Here is an optimistic use case that only requires a single request/reply 
cycle

 1. WaitForMultipleObjectsEx is called with bWaitAll = TRUE and a mix of
    semaphores and other objects
 2. Client calls trywait on all semaphores, which succeeds.
 3. Client passes request to server (with semaphore states) and blocks
    on pipe
 4. Server gets value of all server-side objects and determines that the
    condition can be satisfied, so calls satisfied on all objects
 5. Server sends response to client
 6. Client wakes up and completes the wait call.
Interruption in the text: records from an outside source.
(* Let $T_1,T_2\in\mathcal{T}_n$ be binary phylogenetic trees. Let $G$ be the undirected multigraph with vertex set $\{1,\dots,2n-2\}$ and edge multiset $M(T_1)\sqcup M(T_2)$ (each member of $M(T_i)$ being a $2$-element set, viewed as an edge), and let $C$ be the set of connected components of $G$. Then $\mathit{TD}(T_1,T_2)=n-1-|C|$.
   Context: A phylogenetic tree is a finite rooted tree (arcs directed away from the root) with no node of outdegree $1$, whose leaves are injectively labeled; it is binary if every internal (non-leaf) node has exactly $2$ children. $\mathcal{T}_n$ denotes the set of phylogenetic trees with $n$ leaves labeled $1,\dots,n$, up to label-preserving isomorphism; $\mathcal{L}(T)$ is the set of leaves. The height of a node is the length of a longest directed path from it to a leaf. The bottom-up ordering of $T=(V,E)\in\mathcal{T}_n$ is the unique injective map $\ell:V\to\{1,\dots,|V|\}$ such that: (a) for a leaf $v$, $\ell(v)$ is its label; (b) if $\mathrm{height}(u)<\mathrm{height}(v)$ then $\ell(u)<\ell(v)$; (c) if $0<\mathrm{height}(u)=\mathrm{height}(v)$ and $\min\{\ell(x): x \text{ child of } u\}<\min\{\ell(x): x\text{ child of } v\}$ then $\ell(u)<\ell(v)$. The matching representation is $M(T)=\{\ell(\mathrm{children}(u)) : u\in V\setminus\mathcal{L}(T)\}$, a partition of $\{1,\dots,|V|-1\}$. For a subset $S=\{i_1<\dots<i_k\}$ with $k\ge 2$, $\kappa(S)$ is the cyclic permutation $(i_1,\dots,i_k)$. The matching permutation is $\pi(T)=\prod_{u\in V\setminus\mathcal{L}(T)}\kappa(\ell(\mathrm{children}(u)))$, regarded as an element of $\mathfrak{S}_{2n-2}$ fixing $|V|,\dots,2n-2$. Permutations are composed right to left. $\mathit{TD}'(T_1,T_2)$ is the least number of transpositions whose product is $\pi(T_2)^{-1}\pi(T_1)$ (zero if this is the identity), and the transposition distance is $\mathit{TD}(T_1,T_2)=\tfrac12\mathit{TD}'(T_1,T_2)$. *)

theory Defs
  imports Complex_Main "HOL-Combinatorics.Cycles"
begin

text \<open>Binary phylogenetic trees: a leaf carries its label; an internal node has exactly
two (unordered in meaning) children.  Nodes of a tree are identified with its subtrees,
which are pairwise distinct since leaf labels are distinct.\<close>

datatype btree = Leaf nat | Node btree btree

fun leaves :: "btree \<Rightarrow> nat list" where
  "leaves (Leaf a) = [a]"
| "leaves (Node l r) = leaves l @ leaves r"

fun subtrees :: "btree \<Rightarrow> btree set" where
  "subtrees (Leaf a) = {Leaf a}"
| "subtrees (Node l r) = insert (Node l r) (subtrees l \<union> subtrees r)"

fun children :: "btree \<Rightarrow> btree set" where
  "children (Leaf a) = {}"
| "children (Node l r) = {l, r}"

fun is_leaf :: "btree \<Rightarrow> bool" where
  "is_leaf (Leaf a) = True"
| "is_leaf (Node l r) = False"

fun height :: "btree \<Rightarrow> nat" where
  "height (Leaf a) = 0"
| "height (Node l r) = Suc (max (height l) (height r))"

definition binary_phylo :: "nat \<Rightarrow> btree \<Rightarrow> bool" where
  "binary_phylo n T \<longleftrightarrow> distinct (leaves T) \<and> set (leaves T) = {1..n}"

text \<open>The defining properties (a)-(c) of the bottom-up ordering; the map is
normalised to 0 outside the node set so that it is unique as a total function.\<close>
definition is_bottom_up :: "btree \<Rightarrow> (btree \<Rightarrow> nat) \<Rightarrow> bool" where
  "is_bottom_up T lab \<longleftrightarrow>
     inj_on lab (subtrees T) \<and> lab ` subtrees T \<subseteq> {1..card (subtrees T)} \<and>
     (\<forall>x. x \<notin> subtrees T \<longrightarrow> lab x = 0) \<and>
     (\<forall>a. Leaf a \<in> subtrees T \<longrightarrow> lab (Leaf a) = a) \<and>
     (\<forall>u\<in>subtrees T. \<forall>v\<in>subtrees T. height u < height v \<longrightarrow> lab u < lab v) \<and>
     (\<forall>u\<in>subtrees T. \<forall>v\<in>subtrees T.
        0 < height u \<and> height u = height v \<and>
        Min (lab ` children u) < Min (lab ` children v) \<longrightarrow> lab u < lab v)"

definition bottom_up :: "btree \<Rightarrow> btree \<Rightarrow> nat" where
  "bottom_up T = (THE lab. is_bottom_up T lab)"

definition matching :: "btree \<Rightarrow> nat set set" where
  "matching T = {bottom_up T ` children u | u. u \<in> subtrees T \<and> \<not> is_leaf u}"

definition kappa :: "nat set \<Rightarrow> nat \<Rightarrow> nat" where
  "kappa S = cycle_of_list (sorted_list_of_set S)"

definition matching_perm :: "btree \<Rightarrow> nat \<Rightarrow> nat" where
  "matching_perm T = Finite_Set.fold (\<lambda>S p. kappa S \<circ> p) id (matching T)"

text \<open>TD': least number of transpositions of S_{2n-2} whose product is
pi(T2)^{-1} pi(T1) (composition right to left).\<close>
definition TD' :: "nat \<Rightarrow> btree \<Rightarrow> btree \<Rightarrow> nat" where
  "TD' n T1 T2 = (LEAST k. \<exists>ts :: (nat \<Rightarrow> nat) list. length ts = k \<and>
      (\<forall>t\<in>set ts. \<exists>a b. a \<noteq> b \<and> a \<in> {1..2*n-2} \<and> b \<in> {1..2*n-2} \<and> t = transpose a b) \<and>
      foldr (\<circ>) ts id = inv (matching_perm T2) \<circ> matching_perm T1)"

definition TD :: "nat \<Rightarrow> btree \<Rightarrow> btree \<Rightarrow> real" where
  "TD n T1 T2 = real (TD' n T1 T2) / 2"

text \<open>Connected components of the multigraph on {1..2n-2} with edge multiset
M(T1) + M(T2); edge multiplicities do not affect connectivity.\<close>
definition graph_edges :: "btree \<Rightarrow> btree \<Rightarrow> nat rel" where
  "graph_edges T1 T2 = {(x, y). \<exists>e \<in> matching T1 \<union> matching T2. x \<in> e \<and> y \<in> e}"

definition components :: "nat \<Rightarrow> btree \<Rightarrow> btree \<Rightarrow> nat set set" where
  "components n T1 T2 = {(graph_edges T1 T2)\<^sup>* `` {x} | x. x \<in> {1..2*n-2}}"

end

theory Submission
  imports Defs "HOL-Library.List_Lexorder"
begin

text \<open>
  The matching permutations of T1 and T2 are fixed-point-free involutions s1, s2 of
  V = {1..2n-2}, and the components of G are the classes of the graph joining every x to
  s1 x and s2 x. If s2 \<circ> s1 is a product of k transpositions, every z is joined to s2 (s1 z)
  by the transposed pairs, which form a graph with at least |V| - k classes; each component
  of G meets at most two of them (those of x and s1 x), so k \<ge> |V| - 2|C|. Conversely,
  rewiring s2 at points where it disagrees with s1 reaches s1 using two transpositions per
  new component, so k = |V| - 2|C| can be attained.
\<close>

section \<open>Transpositions between fixed-point-free involutions\<close>

definition reach_classes :: "'a rel \<Rightarrow> 'a set \<Rightarrow> 'a set set" where
  "reach_classes R V = {R\<^sup>* `` {x} | x. x \<in> V}"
Here is a slightly less optimistic case

 1. WaitForMultipleObjectsEx is called with bWaitAll = TRUE and a mix of
    semaphores and other objects
 2. Client calls trywait on all semaphores, which fails on one semaphore.
 3. Client rolls back locks on all which had succeeded.
 4. Client passes request to server (with semaphore states)
 5. Client blocks on the semaphore that was locked and the server pipe
 6. Server updates thread status (blocking on native object)
 7. Semaphore is signaled and client wakes up
 8. Lock is obtained on semaphore that was previously locked
 9. Client now calls trywait on remaining semaphores which again succeeds.
10. Client sends update to server and blocks on pipe
11. Server checks all server-side objects, which are all signaled, so
    calls satisfied on all objects
12. Server updates thread status and notifies client
13. Client wakes up and completes wait call.

As you can see this can get more complicated. If the server discovers 
that an server object isn't signaled it will have to notify the client 
to rollback the locks and wait for server objects to be ready.

So which of these solution is most appealing to you?